___ MATERIALS PROVIDED ___

(* Let $(M,g)$ be a $\mathcal{W}^{\star}$-symmetric space-time (i.e. $\nabla_m\mathcal{W}^{\star}_{ijkl}=0$) obeying Einstein's field equation for a purely electro-magnetic distribution, i.e. $R_{ij}=kT_{ij}$ with $k\neq0$ a constant and $T_{ij}$ a symmetric tensor with vanishing trace $g^{ij}T_{ij}=0$. Then the energy-momentum tensor is covariantly constant: $\nabla_m T_{jk}=0$.
   Context: A space-time is a $4$-dimensional Lorentzian manifold $(M,g)$ with Levi-Civita connection $\nabla$. $R_{ijkl}$ denotes the components of the Riemann curvature tensor, with index conventions such that the Ricci tensor is $R_{jk}=g^{il}R_{ijkl}$; $R=g^{jk}R_{jk}$ is the scalar curvature. The $\mathcal{W}^{\star}$-curvature tensor is $\mathcal{W}^{\star}_{ijkl}=R_{ijkl}-\tfrac{1}{3}\left[g_{jk}R_{il}-g_{jl}R_{ik}\right]$. *)

theory Defs
  imports "HOL-Analysis.Analysis"
begin

text \<open>Local coordinate description of a 4-dimensional space-time: a coordinate
chart is an open set U of real^4; indices range over the 4-element type 4.
Scalar fields are functions real^4 => real.\<close>

type_synonym point = "real ^ 4"
type_synonym idx = 4

definition pd :: "idx \<Rightarrow> (point \<Rightarrow> real) \<Rightarrow> point \<Rightarrow> real" where
  "pd m f x = deriv (\<lambda>t. f (x + t *\<^sub>R axis m 1)) 0"

definition iter_pd :: "idx list \<Rightarrow> (point \<Rightarrow> real) \<Rightarrow> point \<Rightarrow> real" where
  "iter_pd ms f = foldr pd ms f"

definition smooth_on :: "point set \<Rightarrow> (point \<Rightarrow> real) \<Rightarrow> bool" where
  "smooth_on U f \<longleftrightarrow> (\<forall>ms. \<forall>x\<in>U. iter_pd ms f differentiable (at x))"

definition metric_matrix :: "(idx \<Rightarrow> idx \<Rightarrow> point \<Rightarrow> real) \<Rightarrow> point \<Rightarrow> real^4^4" where
  "metric_matrix g x = (\<chi> i j. g i j x)"

definition minkowski :: "real^4^4" where
  "minkowski = (\<chi> i j. if i = j then (if i = 0 then -1 else 1) else 0)"

text \<open>Lorentzian metric on U: smooth symmetric components whose matrix has
signature (-,+,+,+) at each point (Sylvester normal form).\<close>
definition lorentzian_on :: "point set \<Rightarrow> (idx \<Rightarrow> idx \<Rightarrow> point \<Rightarrow> real) \<Rightarrow> bool" where
  "lorentzian_on U g \<longleftrightarrow> open U \<and>
     (\<forall>i j. smooth_on U (g i j)) \<and>
     (\<forall>i j. \<forall>x\<in>U. g i j x = g j i x) \<and>
     (\<forall>x\<in>U. \<exists>P::real^4^4. invertible P \<and>
         transpose P ** metric_matrix g x ** P = minkowski)"

definition ginv :: "(idx \<Rightarrow> idx \<Rightarrow> point \<Rightarrow> real) \<Rightarrow> idx \<Rightarrow> idx \<Rightarrow> point \<Rightarrow> real" where
  "ginv g i j x = matrix_inv (metric_matrix g x) $ i $ j"

definition christoffel :: "(idx \<Rightarrow> idx \<Rightarrow> point \<Rightarrow> real) \<Rightarrow> idx \<Rightarrow> idx \<Rightarrow> idx \<Rightarrow> point \<Rightarrow> real" where
  "christoffel g k i j x = (1/2) * (\<Sum>l\<in>UNIV. ginv g k l x *
      (pd i (g l j) x + pd j (g l i) x - pd l (g i j) x))"

text \<open>R_{ijkl} = g(R(d_i,d_j) d_k, d_l) with R(X,Y)Z = nabla_X nabla_Y Z - nabla_Y nabla_X Z - nabla_[X,Y] Z,
so that the Ricci tensor is R_{jk} = g^{il} R_{ijkl}.\<close>
definition riemann :: "(idx \<Rightarrow> idx \<Rightarrow> point \<Rightarrow> real) \<Rightarrow> idx \<Rightarrow> idx \<Rightarrow> idx \<Rightarrow> idx \<Rightarrow> point \<Rightarrow> real" where
  "riemann g i j k l x = (\<Sum>m\<in>UNIV. g l m x *
      (pd i (christoffel g m j k) x - pd j (christoffel g m i k) x
       + (\<Sum>p\<in>UNIV. christoffel g m i p x * christoffel g p j k x
                   - christoffel g m j p x * christoffel g p i k x)))"

definition ricci :: "(idx \<Rightarrow> idx \<Rightarrow> point \<Rightarrow> real) \<Rightarrow> idx \<Rightarrow> idx \<Rightarrow> point \<Rightarrow> real" where
  "ricci g j k x = (\<Sum>i\<in>UNIV. \<Sum>l\<in>UNIV. ginv g i l x * riemann g i j k l x)"

definition scalar_curv :: "(idx \<Rightarrow> idx \<Rightarrow> point \<Rightarrow> real) \<Rightarrow> point \<Rightarrow> real" where
  "scalar_curv g x = (\<Sum>j\<in>UNIV. \<Sum>k\<in>UNIV. ginv g j k x * ricci g j k x)"

definition Wstar :: "(idx \<Rightarrow> idx \<Rightarrow> point \<Rightarrow> real) \<Rightarrow> idx \<Rightarrow> idx \<Rightarrow> idx \<Rightarrow> idx \<Rightarrow> point \<Rightarrow> real" where
  "Wstar g i j k l x = riemann g i j k l x
      - (1/3) * (g j k x * ricci g i l x - g j l x * ricci g i k x)"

___

PROBLEM REQUIREMENTS: All lines above holding the word "time" make up the answer; copy each one.

WRITTEN RESPONSE:
(* Let $(M,g)$ be a $\mathcal{W}^{\star}$-symmetric space-time (i.e. $\nabla_m\mathcal{W}^{\star}_{ijkl}=0$) obeying Einstein's field equation for a purely electro-magnetic distribution, i.e. $R_{ij}=kT_{ij}$ with $k\neq0$ a constant and $T_{ij}$ a symmetric tensor with vanishing trace $g^{ij}T_{ij}=0$. Then the energy-momentum tensor is covariantly constant: $\nabla_m T_{jk}=0$.
   Context: A space-time is a $4$-dimensional Lorentzian manifold $(M,g)$ with Levi-Civita connection $\nabla$. $R_{ijkl}$ denotes the components of the Riemann curvature tensor, with index conventions such that the Ricci tensor is $R_{jk}=g^{il}R_{ijkl}$; $R=g^{jk}R_{jk}$ is the scalar curvature. The $\mathcal{W}^{\star}$-curvature tensor is $\mathcal{W}^{\star}_{ijkl}=R_{ijkl}-\tfrac{1}{3}\left[g_{jk}R_{il}-g_{jl}R_{ik}\right]$. *)
text \<open>Local coordinate description of a 4-dimensional space-time: a coordinate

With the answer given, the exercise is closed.